Follow instructions from quick start for Ray on k8s , I got exceptions while
> ✗ kubectl describe pod raycluster-kuberay-head-fx4c9
RAY_CLUSTER_NAME: (v1:metadata.labels['ray.io/cluster'])
RAY_CLOUD_INSTANCE_ID: raycluster-kuberay-head-fx4c9 (v1:metadata.name)
RAY_NODE_TYPE_NAME: (v1:metadata.labels['ray.io/group'])
KUBERAY_GEN_RAY_START_CMD: ray start --head --metrics-export-port=8080 --block --dashboard-agent-listen-port=52365 --num-cpus=1 --memory=2000000000 --dashboard-host=0.0.0.0
RAY_PORT: 6379
RAY_ADDRESS: 127.0.0.1:6379
RAY_USAGE_STATS_KUBERAY_IN_USE: 1
RAY_USAGE_STATS_EXTRA_TAGS: kuberay_version=v1.2.1;kuberay_crd=RayCluster
REDIS_PASSWORD:
RAY_DASHBOARD_ENABLE_K8S_DISK_USAGE: 1
Mounts:
/dev/shm from shared-mem (rw)
/tmp/ray from log-volume (rw)
/var/run/secrets/kubernetes.io/serviceaccount from kube-api-access-8gxsm (ro)
Conditions:
Type Status
PodReadyToStartContainers True
Initialized True
Ready False
ContainersReady False
PodScheduled True
Volumes:
log-volume:
Type: EmptyDir (a temporary directory that shares a pod's lifetime)
Medium:
SizeLimit: <unset>
shared-mem:
Type: EmptyDir (a temporary directory that shares a pod's lifetime)
Medium: Memory
SizeLimit: 2G
kube-api-access-8gxsm:
Type: Projected (a volume that contains injected data from multiple sources)

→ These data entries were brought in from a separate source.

(* Assume the standing assumptions in the context. Let $v=(v_1,v_2)$ be the bounded constrained viscosity solution on $[\underline{x},+\infty)$ of the system $$\rho v_j(x)=H(x,y_j,Dv_j(x))+\lambda_j\big(v_{\bar\jmath}(x)-v_j(x)\big),\qquad j=1,2,\ \bar\jmath=3-j.$$ Then each $v_j$ is Lipschitz continuous on $[\underline{x},+\infty)$.
   Context: Standing assumptions: $\rho>0$; $-\infty<r<\rho$; $0<y_1<y_2$; $\gamma>1$; $\underline{x}\le0$ with $\rho\underline{x}+y_j>0$ for $j=1,2$; $\lambda_1,\lambda_2\ge0$ constants. Utility $u(c)=\frac{c^{1-\gamma}}{1-\gamma}$; Hamiltonian $H(x,y_j,p)=\sup_{c\ge0}\{u(c)+(rx+y_j-c)p\}$, equal to $(rx+y_j)p+\frac{\gamma}{1-\gamma}p^{1-1/\gamma}$ for $p\ge0$ and $+\infty$ for $p<0$. Viscosity subsolution on $S\subseteq[\underline{x},\infty)$: u.s.c. pair $v$ such that whenever $\varphi$ smooth, $j\in\{1,2\}$, and $v_j-\varphi$ has a local max (relative to $[\underline{x},\infty)$) at $x_0\in S$, then $\rho v_j(x_0)\le H(x_0,y_j,D\varphi(x_0))+\lambda_j(v_{\bar\jmath}(x_0)-v_j(x_0))$. Viscosity supersolution on $S$: l.s.c. pair with the reverse inequality at local minima $x_0\in S$. A constrained viscosity solution is a continuous pair that is a viscosity supersolution on $(\underline{x},\infty)$ and a viscosity subsolution on $[\underline{x},\infty)$ (such a bounded solution is unique). *)

theory Defs
  imports "HOL-Analysis.Analysis"
begin

definition usc_on :: "real set \<Rightarrow> (real \<Rightarrow> real) \<Rightarrow> bool" where
  "usc_on D f \<longleftrightarrow> (\<forall>x\<in>D. \<forall>a. f x < a \<longrightarrow>
      (\<exists>e>0. \<forall>z\<in>D. \<bar>z - x\<bar> < e \<longrightarrow> f z < a))"

definition lsc_on :: "real set \<Rightarrow> (real \<Rightarrow> real) \<Rightarrow> bool" where
  "lsc_on D f \<longleftrightarrow> (\<forall>x\<in>D. \<forall>a. a < f x \<longrightarrow>
      (\<exists>e>0. \<forall>z\<in>D. \<bar>z - x\<bar> < e \<longrightarrow> a < f z))"

text \<open>Hamiltonian H(x,y,p) = sup_{c\<ge>0} (u(c) + (r x + y - c) p), u(c) = c^(1-\<gamma>)/(1-\<gamma>),
  in its closed form: finite for p \<ge> 0, +\<infinity> for p < 0.\<close>
definition Ham :: "real \<Rightarrow> real \<Rightarrow> real \<Rightarrow> real \<Rightarrow> real \<Rightarrow> ereal" where
  "Ham r \<gamma> x y p = (if 0 \<le> p
      then ereal ((r * x + y) * p + \<gamma> / (1 - \<gamma>) * p powr (1 - 1 / \<gamma>))
      else \<infinity>)"

definition loc_max_rel :: "real set \<Rightarrow> (real \<Rightarrow> real) \<Rightarrow> real \<Rightarrow> bool" where
  "loc_max_rel D g x0 \<longleftrightarrow> (\<exists>e>0. \<forall>x\<in>D. \<bar>x - x0\<bar> < e \<longrightarrow> g x \<le> g x0)"

definition loc_min_rel :: "real set \<Rightarrow> (real \<Rightarrow> real) \<Rightarrow> real \<Rightarrow> bool" where
  "loc_min_rel D g x0 \<longleftrightarrow> (\<exists>e>0. \<forall>x\<in>D. \<bar>x - x0\<bar> < e \<longrightarrow> g x0 \<le> g x)"

text \<open>Pairs v = (v 1, v 2); index j \<in> {1,2}, conjugate index 3 - j.\<close>
definition visc_sub ::
  "real \<Rightarrow> real \<Rightarrow> real \<Rightarrow> (nat \<Rightarrow> real) \<Rightarrow> (nat \<Rightarrow> real) \<Rightarrow> real \<Rightarrow> real set
     \<Rightarrow> (nat \<Rightarrow> real \<Rightarrow> real) \<Rightarrow> bool" where
  "visc_sub \<rho> r \<gamma> y lam xl S v \<longleftrightarrow>
     (\<forall>j\<in>{1,2::nat}. usc_on {xl..} (v j)) \<and>
     (\<forall>\<phi> j x0. \<phi> C1_differentiable_on UNIV \<longrightarrow> j \<in> {1,2} \<longrightarrow> x0 \<in> S \<longrightarrow>
        loc_max_rel {xl..} (\<lambda>x. v j x - \<phi> x) x0 \<longrightarrow>
        ereal (\<rho> * v j x0) \<le> Ham r \<gamma> x0 (y j) (deriv \<phi> x0)
                               + ereal (lam j * (v (3 - j) x0 - v j x0)))"

definition visc_super ::
  "real \<Rightarrow> real \<Rightarrow> real \<Rightarrow> (nat \<Rightarrow> real) \<Rightarrow> (nat \<Rightarrow> real) \<Rightarrow> real \<Rightarrow> real set
     \<Rightarrow> (nat \<Rightarrow> real \<Rightarrow> real) \<Rightarrow> bool" where
  "visc_super \<rho> r \<gamma> y lam xl S v \<longleftrightarrow>
     (\<forall>j\<in>{1,2::nat}. lsc_on {xl..} (v j)) \<and>
     (\<forall>\<phi> j x0. \<phi> C1_differentiable_on UNIV \<longrightarrow> j \<in> {1,2} \<longrightarrow> x0 \<in> S \<longrightarrow>
        loc_min_rel {xl..} (\<lambda>x. v j x - \<phi> x) x0 \<longrightarrow>
        Ham r \<gamma> x0 (y j) (deriv \<phi> x0) + ereal (lam j * (v (3 - j) x0 - v j x0))
          \<le> ereal (\<rho> * v j x0))"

TokenExpirationSeconds: 3607
ConfigMapName: kube-root-ca.crt
ConfigMapOptional: <nil>
DownwardAPI: true
QoS Class: Guaranteed
Node-Selectors: <none>
Tolerations: node.kubernetes.io/not-ready:NoExecute op=Exists for 300s
node.kubernetes.io/unreachable:NoExecute op=Exists for 300s
Events:
Type Reason Age From Message
---- ------ ---- ---- -------
Normal Scheduled 14m default-scheduler Successfully assigned default/raycluster-kuberay-head-fx4c9 to minikube
Warning Failed 14m (x2 over 14m) kubelet Failed to pull image "rayproject/ray:2.34.0": Error response from daemon: Get "https://registry-1.docker.io/v2/": context deadline exceeded
Normal Pulling 12m (x4 over 14m) kubelet Pulling image "rayproject/ray:2.34.0"

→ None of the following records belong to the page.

theorem lemma5p1:
  fixes f :: "real^'n \<Rightarrow> real"
    and A :: "real^'n^'m" and b :: "real^'m"
    and \<U> :: "(real^'n) set" and U :: "real^'n^'k" and w :: "real^'n"
    and q :: "real^'k \<Rightarrow> real"
  assumes f_poly: "rat_poly_fun f"
    and f_convex: "convex_on UNIV f"
    and A_rat: "\<forall>i j. A $ i $ j \<in> \<rat>"
    and b_rat: "\<forall>i. b $ i \<in> \<rat>"
    and P_nonempty: "{x. \<forall>i. (A *v x) $ i \<le> b $ i} \<noteq> {}"
    and U_subspace: "subspace \<U>"
    and U_rat: "\<forall>i j. U $ i $ j \<in> \<rat>"
    and U_orth: "\<forall>i j. i \<noteq> j \<longrightarrow> orthogonal (row i U) (row j U)"
    and U_span: "span (rows U) = \<U>"
    and w_perp: "\<forall>u\<in>\<U>. orthogonal w u"
    and w_rat: "\<forall>i. w $ i \<in> \<rat>"
    and q_quad: "strongly_convex_rat_quadratic q"
    and f_decomp: "\<forall>x. f x = f (orth_proj \<U> x) - w \<bullet> x"
    and f_lower: "\<forall>x. f (orth_proj \<U> x) \<ge> q (U *v x)"
  shows "(\<not> (\<exists>B. \<forall>x\<in>{x. \<forall>i. (A *v x) $ i \<le> b $ i}. B \<le> f x)) \<longleftrightarrow>
         (\<exists>x0. (\<forall>i. (A *v x0) $ i \<le> 0) \<and> U *v x0 = 0 \<and> w \<bullet> x0 = 1)"
proof
  let ?P = "{x. \<forall>i. (A *v x) $ i \<le> b $ i}"
  assume unbounded: "\<not> (\<exists>B. \<forall>x\<in>?P. B \<le> f x)"
  show "\<exists>x0. (\<forall>i. (A *v x0) $ i \<le> 0) \<and> U *v x0 = 0 \<and> w \<bullet> x0 = 1"
  proof (rule ccontr)
    assume "\<nexists>x0. (\<forall>i. (A *v x0) $ i \<le> 0) \<and> U *v x0 = 0 \<and> w \<bullet> x0 = 1"
    then obtain \<mu> C where w_bound: "\<forall>x\<in>?P. w \<bullet> x \<le> C + \<mu> \<bullet> (U *v x)"
      by (rule polyhedron_linear_bound_modulo_rows)
    obtain m where m: "\<forall>y. m \<le> q y - \<mu> \<bullet> y"
      using strongly_convex_rat_quadratic_minus_linear_bounded_below[OF q_quad] by blast
    have "m - C \<le> f x" if "x \<in> ?P" for x
      using w_bound[rule_format, OF that] m[rule_format, of "U *v x"]
        f_decomp[rule_format, of x] f_lower[rule_format, of x]
      by linarith
    with unbounded show False
      by blast
  qed
next
  let ?P = "{x. \<forall>i. (A *v x) $ i \<le> b $ i}"
  assume "\<exists>x0. (\<forall>i. (A *v x0) $ i \<le> 0) \<and> U *v x0 = 0 \<and> w \<bullet> x0 = 1"
  then obtain x0 where A_x0: "\<forall>i. (A *v x0) $ i \<le> 0" and "U *v x0 = 0" and w_x0: "w \<bullet> x0 = 1"
    by blast
  obtain p where p: "p \<in> ?P"
    using P_nonempty by blast
  have "\<forall>u\<in>\<U>. orthogonal x0 u"
    using orthogonal_nullspace_rowspace[OF \<open>U *v x0 = 0\<close>] unfolding U_span by blast
  then have "\<forall>u\<in>\<U>. orthogonal (t *\<^sub>R x0) u" for t
    by (simp add: orthogonal_clauses(7))
  then have "orth_proj \<U> (p + t *\<^sub>R x0) = orth_proj \<U> p" for t
    using orth_proj_add_orthogonal[OF U_subspace] by blast
  then have "f (p + t *\<^sub>R x0) = f (orth_proj \<U> p) - w \<bullet> p - t" for t
    using f_decomp[rule_format, of "p + t *\<^sub>R x0"] w_x0 by (simp add: inner_add_right)
  with p A_x0 show "\<not> (\<exists>B. \<forall>x\<in>?P. B \<le> f x)"
    by (rule polyhedron_unbounded_below_along_ray)
qed

end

Warning Failed 12m (x4 over 14m) kubelet Error: ErrImagePull
Warning Failed 12m (x2 over 13m) kubelet Failed to pull image "rayproject/ray:2.34.0": Error response from daemon: Get "https://registry-1.docker.io/v2/": net/http: request canceled while waiting for connection (Client.Timeout exceeded while awaiting headers)

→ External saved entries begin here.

(* Let $\mathcal{D}$ be an $S(2,k,v)$ and $G_1=1$-$\mathrm{BIG}(\mathcal{D})$. If $$\alpha(G_1) > k\left\lfloor \frac{v(v-1)}{k^2v-k^3+k^2-k}\right\rfloor,$$ then $G_1$ is not silver.
   Context: A Steiner $2$-design $S(2,k,v)$ ($2<k<v$) is a pair $(V,\mathcal{B})$ with $|V|=v$ and $\mathcal{B}$ a collection of $k$-subsets of $V$ (blocks) such that every $2$-subset of $V$ lies in exactly one block. The $1$-block intersection graph $1$-$\mathrm{BIG}(\mathcal{D})$ has the blocks as vertices, two blocks adjacent iff they intersect in exactly one element; it is $k(v-k)/(k-1)$-regular with $v(v-1)/(k(k-1))$ vertices. $\alpha(G)$ denotes the independence number; an $\alpha$-set is a maximum independent set. Let $G$ be an $r$-regular graph and $c$ a proper $(r+1)$-coloring of $G$. A vertex $x$ is rainbow with respect to $c$ if every one of the $r+1$ colors appears on $N[x]=N(x)\cup\{x\}$. Given an $\alpha$-set $I$, $c$ is silver with respect to $I$ if every $x\in I$ is rainbow; $G$ is silver if it admits a silver coloring with respect to some $\alpha$-set. *)

theory Defs
  imports Main
begin

definition steiner_2_design :: "nat \<Rightarrow> nat \<Rightarrow> 'a set \<Rightarrow> 'a set set \<Rightarrow> bool" where
  "steiner_2_design k v V \<B> \<longleftrightarrow>
     finite V \<and> card V = v \<and> 2 < k \<and> k < v \<and>
     (\<forall>b\<in>\<B>. b \<subseteq> V \<and> card b = k) \<and>
     (\<forall>x\<in>V. \<forall>y\<in>V. x \<noteq> y \<longrightarrow> (\<exists>!b. b \<in> \<B> \<and> {x, y} \<subseteq> b))"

Warning Failed 12m (x6 over 14m) kubelet Error: ImagePullBackOff
Normal BackOff 4m52s (x36 over 14m) kubelet Back-off pulling image "rayproject/ray:2.34.0"
> ✗ kubectl logs raycluster-kuberay-head-fx4c9
Error from server (BadRequest): container "ray-head" in pod "raycluster-kuberay-head-fx4c9" is waiting to start: trying and failing to pull image
I also tried another minikube cluster instead of kind cluster, but got the same output after installing raycluster helm install raycluster kuberay/ray-cluster --version 1.2.1
I can not understand the describe pod
output the request timeout for https://registry-1.docker.io/v2/, as the the pull image succeeds when running docker directly:
> ✗ docker pull rayproject/ray:2.34.0
2.34.0: Pulling from rayproject/ray
9b857f539cb1: Pull complete
6385f74c231a: Pull complete
d93807efc02c: Pull complete
4f4fb700ef54: Pull complete
e00095e97bc6: Pull complete
62bc57cef369: Pull complete
0c606dbe74e6: Pull complete
0d71e9581bc0: Pull complete
83d53ff2b179: Pull complete
Digest: sha256:d3f0831b510ce4569499540117a6d1b7c36b9f924616097657364d0c8f069f15
Status: Downloaded newer image for rayproject/ray:2.34.0
docker.io/rayproject/ray:2.34.0
Thanks for your suggestion.